Top of Source material

lemma C2_charts_tangent_section:
  assumes X: "C2_chart X z m F gF" and Y: "C2_chart Y z k G gG"
    and "z \<in> X \<inter> Y" and isolated: "z isolated_in (X \<inter> Y)"
    and transversal: "normal_space X z \<inter> normal_space Y z = {0}"
  obtains C where "\<forall>\<^sub>F \<rho> in at_right 0. \<forall>x\<in>X \<inter> ball z \<rho>.
    \<exists>y. Y \<inter> ball z \<rho> \<inter> {x + v |v. v \<in> tangent_space X x} = {y} \<and> norm (y - z) \<le> C * (norm (x - z))\<^sup>2"
proof -
  have "z \<in> X" "z \<in> Y"
    using \<open>z \<in> X \<inter> Y\<close> by simp_all
  obtain C where plane_section: "\<forall>\<^sub>F \<rho> in at_right 0. \<forall>x\<in>ball z \<rho>. (\<forall>i\<in>{..<m}. F i x = 0) \<longrightarrow>
      (\<exists>y. ball z \<rho> \<inter> {y. (\<forall>j\<in>{..<k}. G j y = 0) \<and> (\<forall>i\<in>{..<m}. gF i x \<bullet> (y - x) = 0)} = {y} \<and>
         norm (y - z) \<le> C * (norm (x - z))\<^sup>2)"
    by (rule tangent_plane_section[OF finite_lessThan finite_lessThan C2_chart.gradient[OF X]
        C2_chart.gradient[OF Y] C2_chart.lipschitz[OF X] C2_chart.lipschitz[OF Y]
        C2_chart.zero_at_base[OF X \<open>z \<in> X\<close>] C2_chart.zero_at_base[OF Y \<open>z \<in> Y\<close>]
        C2_charts_transversal_basis[OF assms]])
  have chart_Y: "\<forall>\<^sub>F y in nhds z. y \<in> Y \<longleftrightarrow> (\<forall>j\<in>{..<k}. G j y = 0)"
    using C2_chart.eventually_chart[OF Y] by (rule eventually_mono) blast
  show ?thesis
  proof (rule that)
    show "\<forall>\<^sub>F \<rho> in at_right 0. \<forall>x\<in>X \<inter> ball z \<rho>.
      \<exists>y. Y \<inter> ball z \<rho> \<inter> {x + v |v. v \<in> tangent_space X x} = {y} \<and> norm (y - z) \<le> C * (norm (x - z))\<^sup>2"
      using plane_section eventually_nhds_imp_ball[OF eventually_conj[OF C2_chart.eventually_chart[OF X] chart_Y]]
    proof eventually_elim
      case (elim \<rho>)
      show ?case
      proof
        fix x assume x: "x \<in> X \<inter> ball z \<rho>"
        then have Fx: "\<forall>i\<in>{..<m}. F i x = 0"
          and tangent: "tangent_space X x = {v. \<forall>i\<in>{..<m}. gF i x \<bullet> v = 0}"
          using elim(2) by blast+
        have "Y \<inter> ball z \<rho> = ball z \<rho> \<inter> {y. \<forall>j\<in>{..<k}. G j y = 0}"
          using elim(2) by blast
        then have "Y \<inter> ball z \<rho> \<inter> {x + v |v. v \<in> tangent_space X x} =
            ball z \<rho> \<inter> {y. (\<forall>j\<in>{..<k}. G j y = 0) \<and> (\<forall>i\<in>{..<m}. gF i x \<bullet> (y - x) = 0)}"
          unfolding translate_Collect_eq tangent by blast
        then show "\<exists>y. Y \<inter> ball z \<rho> \<inter> {x + v |v. v \<in> tangent_space X x} = {y} \<and>
            norm (y - z) \<le> C * (norm (x - z))\<^sup>2"
          using elim(1) x Fx by simp
      qed
    qed
  qed
qed

theorem theorem3p1:
  fixes X Y :: "'a::euclidean_space set" and z :: 'a
  assumes "z \<in> X \<inter> Y"
    and "C2_manifold_around X z" and "C2_manifold_around Y z"
    and "z isolated_in (X \<inter> Y)"
    and "normal_space X z \<inter> normal_space Y z = {0}"
  shows "\<exists>W. open W \<and> z \<in> W \<and>
           (\<forall>x\<in>X \<inter> W. \<exists>!y. y \<in> Y \<inter> W \<and> y \<in> {x + v | v. v \<in> tangent_space X x}) \<and>
           (\<exists>C \<delta>. \<delta> > 0 \<and> (\<forall>x y. x \<in> X \<inter> W \<and> y \<in> Y \<inter> W \<and>
                 y \<in> {x + v | v. v \<in> tangent_space X x} \<and> norm (x - z) < \<delta> \<longrightarrow>
                 norm (y - z) \<le> C * (norm (x - z))\<^sup>2))"
proof -
  obtain m F gF where X: "C2_chart X z m F gF"
    using C2_manifold_chart[OF assms(2)] by blast
  obtain k G gG where Y: "C2_chart Y z k G gG"
    using C2_manifold_chart[OF assms(3)] by blast
  obtain C where "\<forall>\<^sub>F \<rho> in at_right 0. \<forall>x\<in>X \<inter> ball z \<rho>.
      \<exists>y. Y \<inter> ball z \<rho> \<inter> {x + v |v. v \<in> tangent_space X x} = {y} \<and> norm (y - z) \<le> C * (norm (x - z))\<^sup>2"
    by (rule C2_charts_tangent_section[OF X Y assms(1,4,5)])
  then obtain \<rho> where "\<rho> > 0" and section_at: "\<forall>x\<in>X \<inter> ball z \<rho>.
      \<exists>y. Y \<inter> ball z \<rho> \<inter> {x + v |v. v \<in> tangent_space X x} = {y} \<and> norm (y - z) \<le> C * (norm (x - z))\<^sup>2"
    using eventually_happens'[OF trivial_limit_at_right_real eventually_conj[OF eventually_at_right_less]]
    by blast
  have sections: "(\<exists>!y. y \<in> Y \<inter> ball z \<rho> \<and> y \<in> {x + v |v. v \<in> tangent_space X x}) \<and>
      (\<forall>y. y \<in> Y \<inter> ball z \<rho> \<and> y \<in> {x + v |v. v \<in> tangent_space X x} \<longrightarrow>
        norm (y - z) \<le> C * (norm (x - z))\<^sup>2)" if x: "x \<in> X \<inter> ball z \<rho>" for x
  proof -
    obtain y where "Y \<inter> ball z \<rho> \<inter> {x + v |v. v \<in> tangent_space X x} = {y} \<and>
        norm (y - z) \<le> C * (norm (x - z))\<^sup>2"
      using bspec[OF section_at x] ..
    then show ?thesis
      by (simp add: set_eq_iff)
  qed
  have "\<exists>C \<delta>. \<delta> > 0 \<and> (\<forall>x y. x \<in> X \<inter> ball z \<rho> \<and> y \<in> Y \<inter> ball z \<rho> \<and>
      y \<in> {x + v |v. v \<in> tangent_space X x} \<and> norm (x - z) < \<delta> \<longrightarrow> norm (y - z) \<le> C * (norm (x - z))\<^sup>2)"
    by (rule exI[of _ C], rule exI[of _ \<rho>]) (use \<open>\<rho> > 0\<close> sections in blast)
  then show ?thesis
    using \<open>\<rho> > 0\<close> sections by (intro exI[of _ "ball z \<rho>"]) simp
qed

end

Bottom of Source material

**Assignment**
Reproduce the listing in full. Change nothing.

**Exercise solution**
lemma C2_charts_tangent_section:
  assumes X: "C2_chart X z m F gF" and Y: "C2_chart Y z k G gG"
    and "z \<in> X \<inter> Y" and isolated: "z isolated_in (X \<inter> Y)"
    and transversal: "normal_space X z \<inter> normal_space Y z = {0}"
  obtains C where "\<forall>\<^sub>F \<rho> in at_right 0. \<forall>x\<in>X \<inter> ball z \<rho>.
    \<exists>y. Y \<inter> ball z \<rho> \<inter> {x + v |v. v \<in> tangent_space X x} = {y} \<and> norm (y - z) \<le> C * (norm (x - z))\<^sup>2"
proof -
  have "z \<in> X" "z \<in> Y"
    using \<open>z \<in> X \<inter> Y\<close> by simp_all
  obtain C where plane_section: "\<forall>\<^sub>F \<rho> in at_right 0. \<forall>x\<in>ball z \<rho>. (\<forall>i\<in>{..<m}. F i x = 0) \<longrightarrow>
      (\<exists>y. ball z \<rho> \<inter> {y. (\<forall>j\<in>{..<k}. G j y = 0) \<and> (\<forall>i\<in>{..<m}. gF i x \<bullet> (y - x) = 0)} = {y} \<and>
         norm (y - z) \<le> C * (norm (x - z))\<^sup>2)"
    by (rule tangent_plane_section[OF finite_lessThan finite_lessThan C2_chart.gradient[OF X]
        C2_chart.gradient[OF Y] C2_chart.lipschitz[OF X] C2_chart.lipschitz[OF Y]
        C2_chart.zero_at_base[OF X \<open>z \<in> X\<close>] C2_chart.zero_at_base[OF Y \<open>z \<in> Y\<close>]
        C2_charts_transversal_basis[OF assms]])
  have chart_Y: "\<forall>\<^sub>F y in nhds z. y \<in> Y \<longleftrightarrow> (\<forall>j\<in>{..<k}. G j y = 0)"
    using C2_chart.eventually_chart[OF Y] by (rule eventually_mono) blast
  show ?thesis
  proof (rule that)
    show "\<forall>\<^sub>F \<rho> in at_right 0. \<forall>x\<in>X \<inter> ball z \<rho>.
      \<exists>y. Y \<inter> ball z \<rho> \<inter> {x + v |v. v \<in> tangent_space X x} = {y} \<and> norm (y - z) \<le> C * (norm (x - z))\<^sup>2"
      using plane_section eventually_nhds_imp_ball[OF eventually_conj[OF C2_chart.eventually_chart[OF X] chart_Y]]
    proof eventually_elim
      case (elim \<rho>)
      show ?case
      proof
        fix x assume x: "x \<in> X \<inter> ball z \<rho>"
        then have Fx: "\<forall>i\<in>{..<m}. F i x = 0"
          and tangent: "tangent_space X x = {v. \<forall>i\<in>{..<m}. gF i x \<bullet> v = 0}"
          using elim(2) by blast+
        have "Y \<inter> ball z \<rho> = ball z \<rho> \<inter> {y. \<forall>j\<in>{..<k}. G j y = 0}"
          using elim(2) by blast
        then have "Y \<inter> ball z \<rho> \<inter> {x + v |v. v \<in> tangent_space X x} =
            ball z \<rho> \<inter> {y. (\<forall>j\<in>{..<k}. G j y = 0) \<and> (\<forall>i\<in>{..<m}. gF i x \<bullet> (y - x) = 0)}"
          unfolding translate_Collect_eq tangent by blast
        then show "\<exists>y. Y \<inter> ball z \<rho> \<inter> {x + v |v. v \<in> tangent_space X x} = {y} \<and>
            norm (y - z) \<le> C * (norm (x - z))\<^sup>2"
          using elim(1) x Fx by simp
      qed
    qed
  qed
qed

theorem theorem3p1:
  fixes X Y :: "'a::euclidean_space set" and z :: 'a
  assumes "z \<in> X \<inter> Y"
    and "C2_manifold_around X z" and "C2_manifold_around Y z"
    and "z isolated_in (X \<inter> Y)"
    and "normal_space X z \<inter> normal_space Y z = {0}"
  shows "\<exists>W. open W \<and> z \<in> W \<and>
           (\<forall>x\<in>X \<inter> W. \<exists>!y. y \<in> Y \<inter> W \<and> y \<in> {x + v | v. v \<in> tangent_space X x}) \<and>
           (\<exists>C \<delta>. \<delta> > 0 \<and> (\<forall>x y. x \<in> X \<inter> W \<and> y \<in> Y \<inter> W \<and>
                 y \<in> {x + v | v. v \<in> tangent_space X x} \<and> norm (x - z) < \<delta> \<longrightarrow>
                 norm (y - z) \<le> C * (norm (x - z))\<^sup>2))"
proof -
  obtain m F gF where X: "C2_chart X z m F gF"
    using C2_manifold_chart[OF assms(2)] by blast
  obtain k G gG where Y: "C2_chart Y z k G gG"
    using C2_manifold_chart[OF assms(3)] by blast
  obtain C where "\<forall>\<^sub>F \<rho> in at_right 0. \<forall>x\<in>X \<inter> ball z \<rho>.
      \<exists>y. Y \<inter> ball z \<rho> \<inter> {x + v |v. v \<in> tangent_space X x} = {y} \<and> norm (y - z) \<le> C * (norm (x - z))\<^sup>2"
    by (rule C2_charts_tangent_section[OF X Y assms(1,4,5)])
  then obtain \<rho> where "\<rho> > 0" and section_at: "\<forall>x\<in>X \<inter> ball z \<rho>.
      \<exists>y. Y \<inter> ball z \<rho> \<inter> {x + v |v. v \<in> tangent_space X x} = {y} \<and> norm (y - z) \<le> C * (norm (x - z))\<^sup>2"
    using eventually_happens'[OF trivial_limit_at_right_real eventually_conj[OF eventually_at_right_less]]
    by blast
  have sections: "(\<exists>!y. y \<in> Y \<inter> ball z \<rho> \<and> y \<in> {x + v |v. v \<in> tangent_space X x}) \<and>
      (\<forall>y. y \<in> Y \<inter> ball z \<rho> \<and> y \<in> {x + v |v. v \<in> tangent_space X x} \<longrightarrow>
        norm (y - z) \<le> C * (norm (x - z))\<^sup>2)" if x: "x \<in> X \<inter> ball z \<rho>" for x
  proof -
    obtain y where "Y \<inter> ball z \<rho> \<inter> {x + v |v. v \<in> tangent_space X x} = {y} \<and>
        norm (y - z) \<le> C * (norm (x - z))\<^sup>2"
      using bspec[OF section_at x] ..
    then show ?thesis
      by (simp add: set_eq_iff)
  qed
  have "\<exists>C \<delta>. \<delta> > 0 \<and> (\<forall>x y. x \<in> X \<inter> ball z \<rho> \<and> y \<in> Y \<inter> ball z \<rho> \<and>
      y \<in> {x + v |v. v \<in> tangent_space X x} \<and> norm (x - z) < \<delta> \<longrightarrow> norm (y - z) \<le> C * (norm (x - z))\<^sup>2)"
    by (rule exI[of _ C], rule exI[of _ \<rho>]) (use \<open>\<rho> > 0\<close> sections in blast)
  then show ?thesis
    using \<open>\<rho> > 0\<close> sections by (intro exI[of _ "ball z \<rho>"]) simp
qed

end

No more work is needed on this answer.